Recorded information —
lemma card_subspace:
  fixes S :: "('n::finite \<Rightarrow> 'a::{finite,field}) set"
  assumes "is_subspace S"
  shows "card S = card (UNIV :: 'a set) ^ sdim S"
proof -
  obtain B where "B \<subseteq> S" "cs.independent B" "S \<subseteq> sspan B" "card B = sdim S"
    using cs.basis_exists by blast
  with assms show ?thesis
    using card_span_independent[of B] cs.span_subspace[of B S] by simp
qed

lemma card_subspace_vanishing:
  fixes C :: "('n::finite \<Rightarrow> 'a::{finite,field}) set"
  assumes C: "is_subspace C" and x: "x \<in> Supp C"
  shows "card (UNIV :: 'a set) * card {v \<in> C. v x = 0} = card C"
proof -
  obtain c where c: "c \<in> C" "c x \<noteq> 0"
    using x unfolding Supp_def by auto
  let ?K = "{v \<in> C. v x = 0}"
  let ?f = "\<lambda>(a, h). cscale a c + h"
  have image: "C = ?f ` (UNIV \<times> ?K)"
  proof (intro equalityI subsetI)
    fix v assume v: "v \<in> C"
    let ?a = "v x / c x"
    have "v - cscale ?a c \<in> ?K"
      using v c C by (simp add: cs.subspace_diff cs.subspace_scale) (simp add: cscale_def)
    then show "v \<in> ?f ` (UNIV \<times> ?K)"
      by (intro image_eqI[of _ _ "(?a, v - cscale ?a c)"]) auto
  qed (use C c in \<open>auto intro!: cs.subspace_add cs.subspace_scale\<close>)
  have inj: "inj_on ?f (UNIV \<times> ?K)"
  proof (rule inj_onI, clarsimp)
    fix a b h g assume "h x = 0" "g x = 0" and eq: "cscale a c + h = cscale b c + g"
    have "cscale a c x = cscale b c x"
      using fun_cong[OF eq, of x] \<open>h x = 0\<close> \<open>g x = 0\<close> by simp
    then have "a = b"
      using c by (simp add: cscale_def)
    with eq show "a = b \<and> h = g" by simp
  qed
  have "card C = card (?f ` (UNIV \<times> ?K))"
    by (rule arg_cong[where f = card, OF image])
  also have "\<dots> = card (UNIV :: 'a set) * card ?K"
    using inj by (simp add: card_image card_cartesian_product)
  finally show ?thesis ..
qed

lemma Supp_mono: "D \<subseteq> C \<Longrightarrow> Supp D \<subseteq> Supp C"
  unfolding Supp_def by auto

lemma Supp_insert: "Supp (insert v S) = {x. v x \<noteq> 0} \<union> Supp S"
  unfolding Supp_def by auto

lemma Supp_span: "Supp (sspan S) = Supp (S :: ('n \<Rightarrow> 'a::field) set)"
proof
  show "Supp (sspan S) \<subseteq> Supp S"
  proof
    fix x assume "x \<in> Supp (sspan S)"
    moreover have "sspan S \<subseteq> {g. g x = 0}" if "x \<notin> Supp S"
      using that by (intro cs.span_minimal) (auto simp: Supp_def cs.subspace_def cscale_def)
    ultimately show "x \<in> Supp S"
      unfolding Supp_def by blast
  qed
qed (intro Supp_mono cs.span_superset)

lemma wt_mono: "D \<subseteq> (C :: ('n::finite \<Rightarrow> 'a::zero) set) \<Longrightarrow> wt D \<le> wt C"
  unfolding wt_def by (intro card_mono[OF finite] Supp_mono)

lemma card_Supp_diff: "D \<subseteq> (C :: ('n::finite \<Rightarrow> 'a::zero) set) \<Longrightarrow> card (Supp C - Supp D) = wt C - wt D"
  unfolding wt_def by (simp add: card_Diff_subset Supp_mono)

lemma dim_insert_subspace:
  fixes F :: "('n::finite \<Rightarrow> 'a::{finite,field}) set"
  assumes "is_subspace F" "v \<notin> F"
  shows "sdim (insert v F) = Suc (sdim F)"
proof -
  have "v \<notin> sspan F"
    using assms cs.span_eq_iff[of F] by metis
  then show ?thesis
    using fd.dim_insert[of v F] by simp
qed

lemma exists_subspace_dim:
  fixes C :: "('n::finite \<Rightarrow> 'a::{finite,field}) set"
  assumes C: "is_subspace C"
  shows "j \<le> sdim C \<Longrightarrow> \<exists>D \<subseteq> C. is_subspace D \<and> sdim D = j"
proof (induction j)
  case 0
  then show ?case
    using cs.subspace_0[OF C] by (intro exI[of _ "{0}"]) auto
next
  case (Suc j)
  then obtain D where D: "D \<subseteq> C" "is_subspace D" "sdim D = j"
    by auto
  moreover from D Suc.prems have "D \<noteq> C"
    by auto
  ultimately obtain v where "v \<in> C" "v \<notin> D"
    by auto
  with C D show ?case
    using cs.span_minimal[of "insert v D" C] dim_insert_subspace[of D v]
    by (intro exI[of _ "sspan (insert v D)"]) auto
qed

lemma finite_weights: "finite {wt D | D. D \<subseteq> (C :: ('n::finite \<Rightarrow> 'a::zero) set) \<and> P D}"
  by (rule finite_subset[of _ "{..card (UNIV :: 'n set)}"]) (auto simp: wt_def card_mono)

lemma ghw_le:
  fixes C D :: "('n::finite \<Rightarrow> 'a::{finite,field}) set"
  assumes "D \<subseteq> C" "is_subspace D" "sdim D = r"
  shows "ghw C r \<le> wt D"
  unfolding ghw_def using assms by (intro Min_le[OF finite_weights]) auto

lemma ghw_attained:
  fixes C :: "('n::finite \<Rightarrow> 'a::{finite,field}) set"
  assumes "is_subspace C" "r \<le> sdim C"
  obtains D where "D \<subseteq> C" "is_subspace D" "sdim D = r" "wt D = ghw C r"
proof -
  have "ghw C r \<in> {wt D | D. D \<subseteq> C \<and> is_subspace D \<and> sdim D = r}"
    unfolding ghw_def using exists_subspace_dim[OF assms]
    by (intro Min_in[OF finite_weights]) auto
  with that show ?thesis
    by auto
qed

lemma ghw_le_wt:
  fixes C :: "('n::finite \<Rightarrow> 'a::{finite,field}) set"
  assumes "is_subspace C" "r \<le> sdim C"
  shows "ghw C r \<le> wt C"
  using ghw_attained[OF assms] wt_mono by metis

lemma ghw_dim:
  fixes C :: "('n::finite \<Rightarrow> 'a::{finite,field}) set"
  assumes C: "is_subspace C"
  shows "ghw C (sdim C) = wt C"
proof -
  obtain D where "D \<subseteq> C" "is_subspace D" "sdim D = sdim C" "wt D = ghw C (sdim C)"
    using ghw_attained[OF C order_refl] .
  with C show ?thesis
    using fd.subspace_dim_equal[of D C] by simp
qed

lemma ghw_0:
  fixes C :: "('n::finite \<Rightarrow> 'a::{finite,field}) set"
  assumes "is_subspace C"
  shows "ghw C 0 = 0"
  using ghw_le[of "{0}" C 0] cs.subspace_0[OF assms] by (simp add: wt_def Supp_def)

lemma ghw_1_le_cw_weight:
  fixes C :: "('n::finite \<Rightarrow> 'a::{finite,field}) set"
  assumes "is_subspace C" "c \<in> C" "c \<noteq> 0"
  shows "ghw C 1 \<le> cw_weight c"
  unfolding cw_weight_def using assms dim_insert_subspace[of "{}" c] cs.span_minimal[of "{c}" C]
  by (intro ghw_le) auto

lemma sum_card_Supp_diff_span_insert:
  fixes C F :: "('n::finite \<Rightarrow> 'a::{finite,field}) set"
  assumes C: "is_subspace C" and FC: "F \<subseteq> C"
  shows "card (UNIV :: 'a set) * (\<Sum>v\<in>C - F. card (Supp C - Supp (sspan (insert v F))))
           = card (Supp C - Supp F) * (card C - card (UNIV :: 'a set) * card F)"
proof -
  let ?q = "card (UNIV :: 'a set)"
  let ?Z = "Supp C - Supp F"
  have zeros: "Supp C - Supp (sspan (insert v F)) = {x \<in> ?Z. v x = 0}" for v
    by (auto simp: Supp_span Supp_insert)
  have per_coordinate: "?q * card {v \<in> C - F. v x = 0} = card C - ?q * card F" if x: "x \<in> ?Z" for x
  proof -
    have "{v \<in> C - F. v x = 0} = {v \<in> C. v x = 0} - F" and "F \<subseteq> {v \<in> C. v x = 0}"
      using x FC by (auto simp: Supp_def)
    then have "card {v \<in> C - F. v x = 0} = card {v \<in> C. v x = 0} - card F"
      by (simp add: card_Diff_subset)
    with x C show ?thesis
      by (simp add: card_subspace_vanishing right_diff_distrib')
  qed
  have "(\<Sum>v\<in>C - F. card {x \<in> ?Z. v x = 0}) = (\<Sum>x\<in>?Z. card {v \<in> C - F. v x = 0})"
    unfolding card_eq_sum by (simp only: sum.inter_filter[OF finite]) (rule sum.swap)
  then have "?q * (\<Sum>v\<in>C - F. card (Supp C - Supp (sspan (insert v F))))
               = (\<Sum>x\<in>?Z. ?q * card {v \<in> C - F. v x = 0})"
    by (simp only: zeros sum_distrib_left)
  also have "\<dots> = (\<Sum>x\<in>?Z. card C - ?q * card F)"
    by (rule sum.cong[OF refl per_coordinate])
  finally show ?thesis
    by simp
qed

==

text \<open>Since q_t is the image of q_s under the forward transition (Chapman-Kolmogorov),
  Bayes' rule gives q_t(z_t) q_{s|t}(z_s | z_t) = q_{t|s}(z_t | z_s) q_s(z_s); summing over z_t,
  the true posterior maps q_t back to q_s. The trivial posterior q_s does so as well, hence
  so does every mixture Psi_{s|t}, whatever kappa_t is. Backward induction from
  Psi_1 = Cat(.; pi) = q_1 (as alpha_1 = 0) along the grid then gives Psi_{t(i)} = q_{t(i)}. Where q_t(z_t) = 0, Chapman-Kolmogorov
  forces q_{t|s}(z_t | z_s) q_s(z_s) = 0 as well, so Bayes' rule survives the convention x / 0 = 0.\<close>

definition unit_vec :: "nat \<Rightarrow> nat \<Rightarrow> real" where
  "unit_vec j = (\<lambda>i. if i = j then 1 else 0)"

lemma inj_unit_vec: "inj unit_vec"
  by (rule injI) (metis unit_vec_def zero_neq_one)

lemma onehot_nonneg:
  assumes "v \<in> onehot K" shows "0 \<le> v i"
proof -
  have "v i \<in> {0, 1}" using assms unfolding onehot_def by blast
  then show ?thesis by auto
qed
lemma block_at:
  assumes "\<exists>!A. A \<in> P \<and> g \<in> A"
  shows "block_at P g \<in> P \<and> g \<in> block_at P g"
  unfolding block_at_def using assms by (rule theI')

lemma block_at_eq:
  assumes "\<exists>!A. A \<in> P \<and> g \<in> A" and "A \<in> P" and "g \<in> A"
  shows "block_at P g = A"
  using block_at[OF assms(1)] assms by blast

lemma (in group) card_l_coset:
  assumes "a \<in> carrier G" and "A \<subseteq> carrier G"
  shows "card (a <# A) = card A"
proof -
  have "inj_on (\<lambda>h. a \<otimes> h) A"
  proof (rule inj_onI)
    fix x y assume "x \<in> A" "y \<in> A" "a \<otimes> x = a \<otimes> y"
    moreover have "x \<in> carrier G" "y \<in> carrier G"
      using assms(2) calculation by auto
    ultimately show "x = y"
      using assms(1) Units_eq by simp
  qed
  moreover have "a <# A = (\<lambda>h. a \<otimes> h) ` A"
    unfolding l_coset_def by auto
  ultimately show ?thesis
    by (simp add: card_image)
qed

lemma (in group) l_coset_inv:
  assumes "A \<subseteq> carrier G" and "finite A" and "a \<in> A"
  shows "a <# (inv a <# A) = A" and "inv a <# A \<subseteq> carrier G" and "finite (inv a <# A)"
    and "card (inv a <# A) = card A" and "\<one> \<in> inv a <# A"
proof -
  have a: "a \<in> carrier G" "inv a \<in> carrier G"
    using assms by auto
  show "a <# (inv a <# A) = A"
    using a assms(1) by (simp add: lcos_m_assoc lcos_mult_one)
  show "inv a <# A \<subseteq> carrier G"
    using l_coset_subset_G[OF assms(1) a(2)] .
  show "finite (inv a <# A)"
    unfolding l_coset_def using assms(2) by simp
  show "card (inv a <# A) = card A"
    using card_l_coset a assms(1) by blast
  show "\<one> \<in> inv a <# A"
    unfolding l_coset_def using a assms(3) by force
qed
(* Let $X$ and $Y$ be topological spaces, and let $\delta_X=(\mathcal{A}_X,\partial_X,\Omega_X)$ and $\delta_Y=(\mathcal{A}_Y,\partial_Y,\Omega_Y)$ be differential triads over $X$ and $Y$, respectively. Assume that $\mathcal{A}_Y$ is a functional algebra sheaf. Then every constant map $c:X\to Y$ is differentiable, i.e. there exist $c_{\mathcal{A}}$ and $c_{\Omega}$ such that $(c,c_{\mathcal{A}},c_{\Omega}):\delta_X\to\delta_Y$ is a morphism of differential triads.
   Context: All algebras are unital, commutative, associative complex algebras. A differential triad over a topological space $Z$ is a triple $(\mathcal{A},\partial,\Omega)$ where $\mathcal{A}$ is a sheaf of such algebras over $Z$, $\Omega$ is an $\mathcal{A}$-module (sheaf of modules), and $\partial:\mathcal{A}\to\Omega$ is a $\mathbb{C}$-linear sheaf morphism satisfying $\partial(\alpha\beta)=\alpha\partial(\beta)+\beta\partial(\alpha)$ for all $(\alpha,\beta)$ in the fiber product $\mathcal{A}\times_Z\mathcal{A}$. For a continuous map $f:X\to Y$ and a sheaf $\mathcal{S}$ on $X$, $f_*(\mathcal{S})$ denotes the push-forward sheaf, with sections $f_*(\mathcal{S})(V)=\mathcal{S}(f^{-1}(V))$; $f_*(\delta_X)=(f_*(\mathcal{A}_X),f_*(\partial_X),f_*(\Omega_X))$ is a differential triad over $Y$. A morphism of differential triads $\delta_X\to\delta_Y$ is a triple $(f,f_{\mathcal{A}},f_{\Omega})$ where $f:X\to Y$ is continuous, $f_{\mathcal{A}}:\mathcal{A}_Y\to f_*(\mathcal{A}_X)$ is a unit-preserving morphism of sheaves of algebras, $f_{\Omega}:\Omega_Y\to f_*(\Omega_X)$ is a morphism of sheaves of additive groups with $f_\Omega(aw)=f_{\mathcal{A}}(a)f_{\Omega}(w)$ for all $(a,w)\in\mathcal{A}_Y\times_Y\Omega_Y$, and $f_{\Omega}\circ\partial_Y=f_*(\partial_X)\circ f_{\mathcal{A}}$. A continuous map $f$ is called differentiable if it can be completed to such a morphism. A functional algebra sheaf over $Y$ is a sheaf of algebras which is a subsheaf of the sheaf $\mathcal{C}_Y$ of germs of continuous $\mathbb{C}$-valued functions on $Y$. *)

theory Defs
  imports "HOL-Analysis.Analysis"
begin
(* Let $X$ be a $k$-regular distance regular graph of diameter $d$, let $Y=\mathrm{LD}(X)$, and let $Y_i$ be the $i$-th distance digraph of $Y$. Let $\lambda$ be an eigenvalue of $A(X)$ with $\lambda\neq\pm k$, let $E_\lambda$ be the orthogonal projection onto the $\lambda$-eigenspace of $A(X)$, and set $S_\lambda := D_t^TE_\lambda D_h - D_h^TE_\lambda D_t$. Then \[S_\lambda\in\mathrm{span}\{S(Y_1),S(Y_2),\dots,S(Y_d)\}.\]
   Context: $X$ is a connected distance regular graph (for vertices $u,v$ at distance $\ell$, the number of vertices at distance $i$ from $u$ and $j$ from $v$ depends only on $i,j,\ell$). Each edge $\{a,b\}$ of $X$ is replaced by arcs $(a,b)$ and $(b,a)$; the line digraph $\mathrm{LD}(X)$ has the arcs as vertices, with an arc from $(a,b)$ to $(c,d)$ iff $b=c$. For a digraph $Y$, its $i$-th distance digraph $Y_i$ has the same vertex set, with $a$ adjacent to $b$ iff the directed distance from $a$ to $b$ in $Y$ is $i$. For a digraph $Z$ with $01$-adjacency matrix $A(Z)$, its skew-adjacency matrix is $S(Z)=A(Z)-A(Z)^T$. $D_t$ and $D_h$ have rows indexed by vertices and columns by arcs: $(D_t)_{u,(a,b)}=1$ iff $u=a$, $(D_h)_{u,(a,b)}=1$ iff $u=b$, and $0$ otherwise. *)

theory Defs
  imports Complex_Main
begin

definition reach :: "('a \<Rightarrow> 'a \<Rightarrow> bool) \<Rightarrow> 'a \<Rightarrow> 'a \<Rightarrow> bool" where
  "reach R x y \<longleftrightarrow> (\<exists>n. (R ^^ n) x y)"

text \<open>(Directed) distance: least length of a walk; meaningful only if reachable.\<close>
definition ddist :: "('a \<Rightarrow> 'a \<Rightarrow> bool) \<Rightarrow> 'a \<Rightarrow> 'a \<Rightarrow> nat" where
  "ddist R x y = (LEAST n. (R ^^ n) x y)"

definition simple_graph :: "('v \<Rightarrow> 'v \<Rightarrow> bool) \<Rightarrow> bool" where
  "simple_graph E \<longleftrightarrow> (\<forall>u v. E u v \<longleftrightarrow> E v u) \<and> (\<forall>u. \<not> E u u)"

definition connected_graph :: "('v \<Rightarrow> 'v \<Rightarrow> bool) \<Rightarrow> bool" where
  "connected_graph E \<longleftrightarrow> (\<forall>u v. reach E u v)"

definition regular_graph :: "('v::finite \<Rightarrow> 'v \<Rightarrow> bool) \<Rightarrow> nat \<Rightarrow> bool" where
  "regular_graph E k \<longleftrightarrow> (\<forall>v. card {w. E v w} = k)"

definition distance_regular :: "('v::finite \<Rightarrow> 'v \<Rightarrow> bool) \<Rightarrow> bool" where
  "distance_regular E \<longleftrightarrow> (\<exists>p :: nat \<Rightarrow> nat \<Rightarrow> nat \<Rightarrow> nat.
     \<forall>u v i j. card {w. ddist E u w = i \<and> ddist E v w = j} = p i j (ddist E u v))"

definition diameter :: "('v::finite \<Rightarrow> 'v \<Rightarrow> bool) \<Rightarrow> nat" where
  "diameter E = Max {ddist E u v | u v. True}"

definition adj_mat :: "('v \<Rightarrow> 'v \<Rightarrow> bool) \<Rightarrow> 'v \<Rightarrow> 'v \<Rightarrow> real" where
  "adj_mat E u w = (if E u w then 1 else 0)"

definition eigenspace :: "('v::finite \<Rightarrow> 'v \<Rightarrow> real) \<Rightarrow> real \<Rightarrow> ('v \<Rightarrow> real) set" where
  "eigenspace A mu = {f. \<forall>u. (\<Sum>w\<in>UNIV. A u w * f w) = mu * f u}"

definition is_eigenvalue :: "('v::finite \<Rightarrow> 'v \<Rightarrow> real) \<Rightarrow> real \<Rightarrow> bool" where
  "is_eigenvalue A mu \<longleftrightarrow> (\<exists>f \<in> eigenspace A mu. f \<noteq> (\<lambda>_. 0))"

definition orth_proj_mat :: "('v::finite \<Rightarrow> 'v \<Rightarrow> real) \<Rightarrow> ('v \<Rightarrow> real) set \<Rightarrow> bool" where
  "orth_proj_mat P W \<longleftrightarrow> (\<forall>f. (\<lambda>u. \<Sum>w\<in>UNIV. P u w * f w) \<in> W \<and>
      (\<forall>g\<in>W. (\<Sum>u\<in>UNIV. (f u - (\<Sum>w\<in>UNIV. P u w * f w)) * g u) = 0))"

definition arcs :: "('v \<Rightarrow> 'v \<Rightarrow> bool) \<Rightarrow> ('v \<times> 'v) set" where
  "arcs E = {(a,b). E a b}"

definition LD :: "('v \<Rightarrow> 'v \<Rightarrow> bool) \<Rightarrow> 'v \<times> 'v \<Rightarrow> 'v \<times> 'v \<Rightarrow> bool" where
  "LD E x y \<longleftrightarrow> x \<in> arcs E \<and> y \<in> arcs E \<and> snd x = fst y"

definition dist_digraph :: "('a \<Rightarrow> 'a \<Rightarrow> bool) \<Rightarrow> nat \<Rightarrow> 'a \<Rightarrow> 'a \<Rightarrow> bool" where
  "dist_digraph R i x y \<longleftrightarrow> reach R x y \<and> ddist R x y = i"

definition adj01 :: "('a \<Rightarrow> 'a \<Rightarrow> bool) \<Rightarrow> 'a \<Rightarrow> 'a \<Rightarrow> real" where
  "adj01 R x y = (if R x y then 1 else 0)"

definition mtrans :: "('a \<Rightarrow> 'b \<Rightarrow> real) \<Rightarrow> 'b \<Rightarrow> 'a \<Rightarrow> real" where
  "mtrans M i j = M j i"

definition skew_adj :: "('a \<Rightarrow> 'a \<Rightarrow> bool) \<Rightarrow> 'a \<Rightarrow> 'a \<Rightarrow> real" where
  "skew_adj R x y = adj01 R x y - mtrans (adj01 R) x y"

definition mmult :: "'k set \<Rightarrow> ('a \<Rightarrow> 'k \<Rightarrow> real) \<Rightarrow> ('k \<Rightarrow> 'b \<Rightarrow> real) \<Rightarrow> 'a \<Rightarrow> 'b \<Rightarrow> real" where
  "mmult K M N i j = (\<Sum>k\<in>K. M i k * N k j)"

Problem details — If a line in the records above holds the string "noteq", copy it.

Exercise output —
  obtain c where c: "c \<in> C" "c x \<noteq> 0"
lemma Supp_insert: "Supp (insert v S) = {x. v x \<noteq> 0} \<union> Supp S"
  moreover from D Suc.prems have "D \<noteq> C"
  assumes "is_subspace C" "c \<in> C" "c \<noteq> 0"
  "is_eigenvalue A mu \<longleftrightarrow> (\<exists>f \<in> eigenspace A mu. f \<noteq> (\<lambda>_. 0))"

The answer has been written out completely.